Is this possible? (nuclear propulsion)

Yup. Back in the 80’s Discover magazine printed an article about an experiment ran on one of the shuttle’s missions. A minature smelter was built which would melt and cast metal on the shuttle. One of the interesting things they discovered was that the resulting casting was stronger than one made on Earth. It’d be a little more complicated to build a lunar smelter than an earthly one, but potentially, the materials yielded could be better than those from the Earth.

I doubt you would find materials suitable for fission on the moon, but materials suitable for fusion are in (relative) abundance, if someone comes up with a fusion based system of propulsion.

Hmm, so assuming we could overcome all the radiation and such and get this beast airborne (spaceborne?)…what would we do with it? Go to other planets? We couldn’t land the sucker, I’m thinking, so what then? Little exploration vehicle thingies?

Depends. If you’re talking a 4000-tonne Orion-sized monster, then I reckon you could afford the space for a landing vehicle or ten.

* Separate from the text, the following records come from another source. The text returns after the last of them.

theorem caratheodory_higher_deriv:
  assumes hol: "p holomorphic_on ball 0 1" and p0: "p 0 = 1"
    and re: "\<forall>z\<in>ball 0 1. Re (p z) > beta" and n: "n > 0"
  shows "norm ((deriv ^^ n) p 0) \<le> 2 * (1 - beta) * fact n"
proof -
  define M where "M = 1 - beta"
  have "beta < Re (p 0)" using re by simp
  then have M: "M > 0" using p0 by (simp add: M_def)
  define u where "u z = rotation_mean n p z - 1" for z
  define w where "w z = u z / (u z + of_real (2 * M))" for z
  have hol_u: "u holomorphic_on ball 0 1"
    unfolding u_def[abs_def] by (intro holomorphic_intros holomorphic_on_rotation_mean hol)
  have du: "(deriv ^^ k) u 0 = (if n dvd k then (deriv ^^ k) p 0 else 0)" if "k > 0" for k
    unfolding u_def using that hol_u hol n
    by (simp add: higher_deriv_diff[where S="ball 0 1"] holomorphic_on_rotation_mean
        higher_deriv_rotation_mean)
  have u0: "u 0 = 0"
    using p0 n by (simp add: u_def rotation_mean_def)
  have re_u: "Re (u z) > - M" if "z \<in> ball 0 1" for z
    using Re_rotation_mean_gt[OF n re that] by (simp add: u_def M_def)
  have nz: "u z + of_real (2 * M) \<noteq> 0" if "z \<in> ball 0 1" for z
    using re_u[OF that] M by (auto simp: complex_eq_iff)
  have hol_w: "w holomorphic_on ball 0 1"
    unfolding w_def[abs_def] using hol_u nz by (intro holomorphic_intros) auto
  have bd_w: "\<forall>z\<in>ball 0 1. norm (w z) \<le> 1"
    using norm_le_norm_add_of_Re_ge[of M] re_u M nz
    by (auto simp: w_def norm_divide divide_le_eq_1 less_imp_le)
  have "(deriv ^^ n) u 0 = of_real (2 * M) * (deriv ^^ n) w 0"
  proof (rule higher_deriv_cayley_relation[OF hol_u hol_w _ u0])
    show "u z = of_real (2 * M) * w z + w z * u z" if "z \<in> ball 0 1" for z
      using nz[OF that] by (simp add: w_def divide_simps) (simp add: algebra_simps)
    show "w 0 = 0" by (simp add: w_def u0)
    show "(deriv ^^ k) u 0 = 0" if "0 < k" "k < n" for k
      using du[OF that(1)] that by (auto dest: dvd_imp_le)
  qed
  then have "norm ((deriv ^^ n) p 0) = 2 * M * norm ((deriv ^^ n) w 0)"
    using du[OF n] M by (simp add: norm_mult)
  also have "\<dots> \<le> 2 * M * fact n"
    using norm_higher_deriv_le_fact[OF hol_w bd_w] M by simp
  finally show ?thesis by (simp add: M_def)
qed

definition Jfun_weight :: "real \<Rightarrow> real \<Rightarrow> nat \<Rightarrow> real" where
  "Jfun_weight lam gam n = (1 - lam) * (1 - gam) + real (Suc n) * (lam * (gam + 1) + gam)
     + real (n * Suc n) * (lam * gam)"

context
  fixes h :: "complex \<Rightarrow> complex"
  assumes hol: "h holomorphic_on ball 0 1" and h0: "h 0 = 0" and h1: "deriv h 0 = 1"
begin

lemma ruscheweyh_0_eq:
  assumes z: "z \<in> ball 0 1"
  shows "ruscheweyh 0 h z = h z"
proof -
  define s where "s n = (deriv ^^ n) h 0 / fact n * z ^ n" for n
  have "s sums h z"
    unfolding s_def using holomorphic_power_series[OF hol z] by simp
  then have "(\<lambda>n. if n \<in> {0, 1} then 0 else s n) sums (h z + (\<Sum>n\<in>{0, 1}. 0 - s n))"
    by (rule sums_If_finite_set') auto
  moreover have "(\<Sum>n\<in>{0::nat, 1}. 0 - s n) = - z"
    using h0 h1 by (simp add: s_def)
  moreover have "(\<lambda>k. if k \<ge> 2 then of_nat ((0 + k - 1) choose 0) * tcoeff h k * z ^ k else 0) =
      (\<lambda>n. if n \<in> {0, 1} then 0 else s n)"
    by (auto simp: s_def tcoeff_def)
  ultimately show ?thesis
    unfolding ruscheweyh_def by (simp add: sums_iff)
qed

lemma higher_deriv_ruscheweyh_0:
  assumes "z \<in> ball 0 1"
  shows "(deriv ^^ k) (ruscheweyh 0 h) z = (deriv ^^ k) h z"
  by (rule higher_deriv_cong_ev[OF eventually_nhds_in_open[of "ball 0 1", THEN eventually_mono] refl])
     (use assms ruscheweyh_0_eq in auto)

lemma rquot_0_eq:
  assumes "z \<in> ball 0 1"
  shows "rquot 0 h z = (if z = 0 then deriv h 0 else h z / z)"
  using assms higher_deriv_ruscheweyh_0[of 0 1] ruscheweyh_0_eq[OF assms] h0
  by (simp add: rquot_def)

lemma holomorphic_on_rquot_0: "rquot 0 h holomorphic_on ball 0 1"
  by (rule holomorphic_transform[OF pole_lemma_open[OF hol, of 0]]) (auto simp: rquot_0_eq h0)

lemma higher_deriv_rquot_0: "(deriv ^^ n) (rquot 0 h) 0 = (deriv ^^ Suc n) h 0 / of_nat (Suc n)"
proof -
  have "eventually (\<lambda>z. h z = z * rquot 0 h z) (nhds 0)"
    using h0 by (intro eventually_nhds_in_open[of "ball 0 1", THEN eventually_mono]) (auto simp: rquot_0_eq)
  then have "(deriv ^^ Suc n) h 0 = (deriv ^^ Suc n) (\<lambda>z. z * rquot 0 h z) 0"
    by (rule higher_deriv_cong_ev[OF _ refl])
  also have "\<dots> = of_nat (Suc n) * (deriv ^^ n) (rquot 0 h) 0"
    by (rule higher_deriv_Suc_mult_ident[OF holomorphic_on_rquot_0]) auto
  finally show ?thesis
    by (simp add: field_simps del: of_nat_Suc)
qed

lemma higher_deriv_mult_ident_deriv2:
  "(deriv ^^ n) (\<lambda>z. z * deriv (deriv h) z) 0 = of_nat n * (deriv ^^ Suc n) h 0"
proof (cases n)
  case (Suc m)
  have "deriv (deriv h) holomorphic_on ball 0 1"
    by (auto intro!: holomorphic_deriv hol)
  from higher_deriv_Suc_mult_ident[OF this, of m] show ?thesis
    by (simp add: Suc higher_deriv_deriv del: funpow.simps)
qed simp

lemma Jfun_0_eq:
  assumes "z \<in> ball 0 1"
  shows "Jfun tau lam gam 0 h z = 1 + (1 / tau) *
     (of_real ((1 - lam) * (1 - gam)) * rquot 0 h z
      + of_real (lam * (gam + 1) + gam) * deriv h z
      + of_real (lam * gam) * (z * deriv (deriv h) z - 2) - 1)"
  using higher_deriv_ruscheweyh_0[OF assms, of 1] higher_deriv_ruscheweyh_0[OF assms, of 2]
  by (simp add: Jfun_def numeral_2_eq_2)

lemma holomorphic_on_Jfun_0: "Jfun tau lam gam 0 h holomorphic_on ball 0 1"
  by (rule holomorphic_transform[where f="\<lambda>z. 1 + (1 / tau) *
     (of_real ((1 - lam) * (1 - gam)) * rquot 0 h z
      + of_real (lam * (gam + 1) + gam) * deriv h z
      + of_real (lam * gam) * (z * deriv (deriv h) z - 2) - 1)"])
     (auto simp: Jfun_0_eq intro!: holomorphic_intros holomorphic_deriv hol holomorphic_on_rquot_0)

lemma Jfun_0_at_0: "Jfun tau lam gam 0 h 0 = 1"
  using h1 by (simp add: Jfun_0_eq rquot_0_eq algebra_simps)

lemma higher_deriv_Jfun_0:
  assumes "n > 0"
  shows "(deriv ^^ n) (Jfun tau lam gam 0 h) 0 =
    of_real (Jfun_weight lam gam n) * fact n * tcoeff h (Suc n) / tau"
proof -
  define c1 c2 c3 where "c1 = complex_of_real ((1 - lam) * (1 - gam))"
    and "c2 = complex_of_real (lam * (gam + 1) + gam)" and "c3 = complex_of_real (lam * gam)"
  define t where "t = 1 / tau"
  have Suc_nz: "(1 + of_nat n :: complex) \<noteq> 0"
    using of_nat_neq_0[of n, where 'a=complex] by simp
  have hol': "deriv h holomorphic_on ball 0 1" "deriv (deriv h) holomorphic_on ball 0 1"
    by (auto intro!: holomorphic_deriv hol)
  have "eventually (\<lambda>z. Jfun tau lam gam 0 h z = 1 + t *
      (c1 * rquot 0 h z + c2 * deriv h z + c3 * (z * deriv (deriv h) z) - (2 * c3 + 1))) (nhds 0)"
    by (intro eventually_nhds_in_open[of "ball 0 1", THEN eventually_mono])
       (auto simp: Jfun_0_eq c1_def c2_def c3_def t_def algebra_simps)
  then have "(deriv ^^ n) (Jfun tau lam gam 0 h) 0 = t * (c1 * (deriv ^^ n) (rquot 0 h) 0
      + c2 * (deriv ^^ n) (deriv h) 0 + c3 * (deriv ^^ n) (\<lambda>z. z * deriv (deriv h) z) 0)"
    using hol' holomorphic_on_rquot_0 assms
    by (simp add: higher_deriv_cong_ev[OF _ refl] higher_deriv_add[where S="ball 0 1"]
        higher_deriv_diff[where S="ball 0 1"] higher_deriv_cmult[where A="ball 0 1"] holomorphic_intros)
  also have "\<dots> = t * (c1 / of_nat (Suc n) + c2 + c3 * of_nat n) * (deriv ^^ Suc n) h 0"
    by (simp add: higher_deriv_rquot_0 higher_deriv_deriv higher_deriv_mult_ident_deriv2 algebra_simps
        del: funpow.simps)
  also have "\<dots> = of_real (Jfun_weight lam gam n) * ((deriv ^^ Suc n) h 0 / of_nat (Suc n)) / tau"
    using Suc_nz by (cases "tau = 0") (simp_all add: Jfun_weight_def c1_def c2_def c3_def t_def field_simps)
  also have "\<dots> = of_real (Jfun_weight lam gam n) * fact n * tcoeff h (Suc n) / tau"
    unfolding tcoeff_def of_nat_fact unfolding fact_Suc[of n] by (simp del: of_nat_Suc)
  finally show ?thesis .
qed

lemma Jfun_0_coeff_bound:
  assumes tau: "tau \<noteq> 0" and re: "\<forall>z\<in>ball 0 1. Re (Jfun tau lam gam 0 h z) > beta"
    and n: "n > 0"
  shows "\<bar>Jfun_weight lam gam n\<bar> * norm (tcoeff h (Suc n)) \<le> 2 * norm tau * (1 - beta)"
proof -
  have "\<bar>Jfun_weight lam gam n\<bar> * fact n * norm (tcoeff h (Suc n)) / norm tau
      = norm ((deriv ^^ n) (Jfun tau lam gam 0 h) 0)"
    by (simp add: higher_deriv_Jfun_0[OF n] norm_mult norm_divide)
  also have "\<dots> \<le> 2 * (1 - beta) * fact n"
    by (rule caratheodory_higher_deriv[OF holomorphic_on_Jfun_0 Jfun_0_at_0 re n])
  finally have "fact n * (\<bar>Jfun_weight lam gam n\<bar> * norm (tcoeff h (Suc n)))
      \<le> fact n * (2 * norm tau * (1 - beta))"
    using tau by (simp add: field_simps)
  then show ?thesis
    by (simp add: mult_le_cancel_left_pos)
qed

end

lemma deriv_inverse_at_0:
  assumes holf: "f holomorphic_on ball 0 1" and holg: "g holomorphic_on ball 0 1"
    and S: "open S" "0 \<in> S" "S \<subseteq> ball 0 1"
    and inv: "\<And>w. w \<in> S \<Longrightarrow> g w \<in> ball 0 1 \<and> f (g w) = w"
    and g0: "g 0 = 0" and f1: "deriv f 0 = 1"
  shows "deriv g 0 = 1"
    "deriv (deriv (deriv g)) 0 = 3 * (deriv (deriv f) 0)\<^sup>2 - deriv (deriv (deriv f)) 0"
proof -
  define f' f'' f''' where "f' = deriv f" and "f'' = deriv f'" and "f''' = deriv f''"
  define g' g'' g''' where "g' = deriv g" and "g'' = deriv g'" and "g''' = deriv g''"
  have has_deriv: "(F has_field_derivative deriv F x) (at x)"
    if "F holomorphic_on ball 0 1" "x \<in> ball 0 1" for F x
    using that by (auto intro: holomorphic_derivI)
  have hol: "f' holomorphic_on ball 0 1" "f'' holomorphic_on ball 0 1"
    "g' holomorphic_on ball 0 1" "g'' holomorphic_on ball 0 1"
    unfolding f'_def f''_def g'_def g''_def by (auto intro!: holomorphic_deriv holf holg)
  note Df = has_deriv[OF holf, folded f'_def] has_deriv[OF hol(1), folded f''_def]
    has_deriv[OF hol(2), folded f'''_def]
  note Dg = has_deriv[OF holg, folded g'_def] has_deriv[OF hol(3), folded g''_def]
    has_deriv[OF hol(4), folded g'''_def]
  have in_ball: "g w \<in> ball 0 1" "w \<in> ball 0 1" if "w \<in> S" for w
    using that S(3) inv by auto
  \<comment> \<open>Differentiate \<open>f (g w) = w\<close> once and twice on \<open>S\<close>, and a third time at 0.\<close>
  have deriv1_comp: "f' (g w) * g' w = 1" if w: "w \<in> S" for w
    using DERIV_chain2[OF Df(1) Dg(1), OF in_ball[OF w]] DERIV_ident
    by (rule DERIV_unique_on_open[OF S(1) w]) (use inv in auto)
  have deriv2_comp: "f'' (g w) * g' w * g' w + g'' w * f' (g w) = 0" if w: "w \<in> S" for w
    using DERIV_mult[OF DERIV_chain2[OF Df(2) Dg(1)] Dg(2), OF in_ball[OF w] in_ball(2)[OF w]]
      DERIV_const
    by (rule DERIV_unique_on_open[OF S(1) w]) (use deriv1_comp in auto)
  note b0 = in_ball[OF S(2)]
  have deriv3_comp: "(f''' (g 0) * g' 0 * g' 0 + g'' 0 * f'' (g 0)) * g' 0 + g'' 0 * (f'' (g 0) * g' 0)
      + (g''' 0 * f' (g 0) + f'' (g 0) * g' 0 * g'' 0) = 0"
    using DERIV_add[OF DERIV_mult[OF DERIV_mult[OF DERIV_chain2[OF Df(3)[OF b0(1)] Dg(1)[OF b0(2)]]
        Dg(2)[OF b0(2)]] Dg(2)[OF b0(2)]]
        DERIV_mult[OF Dg(3)[OF b0(2)] DERIV_chain2[OF Df(2)[OF b0(1)] Dg(1)[OF b0(2)]]]] DERIV_const
    by (rule DERIV_unique_on_open[OF S(1,2)]) (use deriv2_comp in auto)
  show g1: "deriv g 0 = 1"
    using deriv1_comp[OF S(2)] g0 f1 by (simp add: f'_def g'_def)
  have "g'' 0 = - f'' 0"
    using deriv2_comp[OF S(2)] g0 f1 g1 by (simp add: f'_def g'_def add_eq_0_iff)
  then show "deriv (deriv (deriv g)) 0 = 3 * (deriv (deriv f) 0)\<^sup>2 - deriv (deriv (deriv f)) 0"
    using deriv3_comp g0 f1 g1 by (simp add: f'_def f''_def f'''_def g'_def g''_def g'''_def
        algebra_simps power2_eq_square)
qed

lemma bi_univalent_pair_inverse_coeffs:
  assumes "bi_univalent_pair f g"
  shows "g 0 = 0" "deriv g 0 = 1" "tcoeff g 3 = 2 * (tcoeff f 2)\<^sup>2 - tcoeff f 3"
proof -
  obtain e where holf: "f holomorphic_on ball 0 1" and inj: "inj_on f (ball 0 1)"
    and f0: "f 0 = 0" and f1: "deriv f 0 = 1" and holg: "g holomorphic_on ball 0 1"
    and e: "e > 0" and inv: "\<forall>w\<in>ball 0 e. g w \<in> ball 0 1 \<and> f (g w) = w"
    using assms unfolding bi_univalent_pair_def by blast
  have "g 0 \<in> ball 0 1" "f (g 0) = f 0"
    using inv e f0 by auto
  then show g0: "g 0 = 0"
    using inj_onD[OF inj] by auto
  have S: "open (ball 0 (min e 1))" "0 \<in> ball 0 (min e 1)" "ball 0 (min e 1) \<subseteq> ball 0 1"
    using e by auto
  note D = deriv_inverse_at_0[OF holf holg S _ g0 f1]
  show "deriv g 0 = 1"
    by (rule D(1)) (use inv in auto)
  have "deriv (deriv (deriv g)) 0 = 3 * (deriv (deriv f) 0)\<^sup>2 - deriv (deriv (deriv f)) 0"
    by (rule D(2)) (use inv in auto)
  then show "tcoeff g 3 = 2 * (tcoeff f 2)\<^sup>2 - tcoeff f 3"
    by (simp add: tcoeff_def numeral_3_eq_3 numeral_2_eq_2 field_simps power2_eq_square)
qed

Well, both the British and theoreical physicists have tendencies towards ironic understandment, so no great surprise there. However, I’ve been thinking about this and I don’t see any great problems with what they’re proposing, provided they can get the pellets to detonate in the first place and can control the plasma thereafter. The yield per explosion is only 5 tonnes of TNT, after all. The main engineering problems with Orion were things like radiation shielding and the plasma ablating the pusher plate. I don’t see the shielding as that much of a problem in this case. And in this design the plasma is effectively pushing against some confinement field rather than steel, so you should avoid the latter. At the expense of all sorts of plasma physics headaches, no doubt.
It’s perhaps worth noting that similar schemes have been proposed before, though usually using fusion rather than fission. The best known is probably the British Interplanetary Society’s Daedalus project

Well, both the British and theoreical physicists have tendencies towards ironic understandment, so no great surprise there. However, I’ve been thinking about this and I don’t see any great problems with what they’re proposing, provided they can get the pellets to detonate in the first place and can control the plasma thereafter. The yield per explosion is only 5 tonnes of TNT, after all. The main engineering problems with Orion were things like radiation shielding and the plasma ablating the pusher plate. I don’t see the shielding as that much of a problem in this case. And in this design the plasma is effectively pushing against some confinement field rather than steel, so you should avoid the latter. At the expense of all sorts of plasma physics headaches, no doubt.
It’s perhaps worth noting that similar schemes have been proposed before, though usually using fusion rather than fission. The best known is probably the British Interplanetary Society’s Daedalus project, in which the pellets were to be bombarded by electron beams. Another example.

This is Johndale Solem’s idea. While the “small” explosions were more Orion-scaled than the 5 tonne ones, the general idea was to go for a smaller, zippier craft than Orion. When I heard him give a talk on the subject about 10 years back, his biggest worry seemed to be the bombs getting jammed in the ejection mechanism, which struck me as one of the lesser engineering problems involved.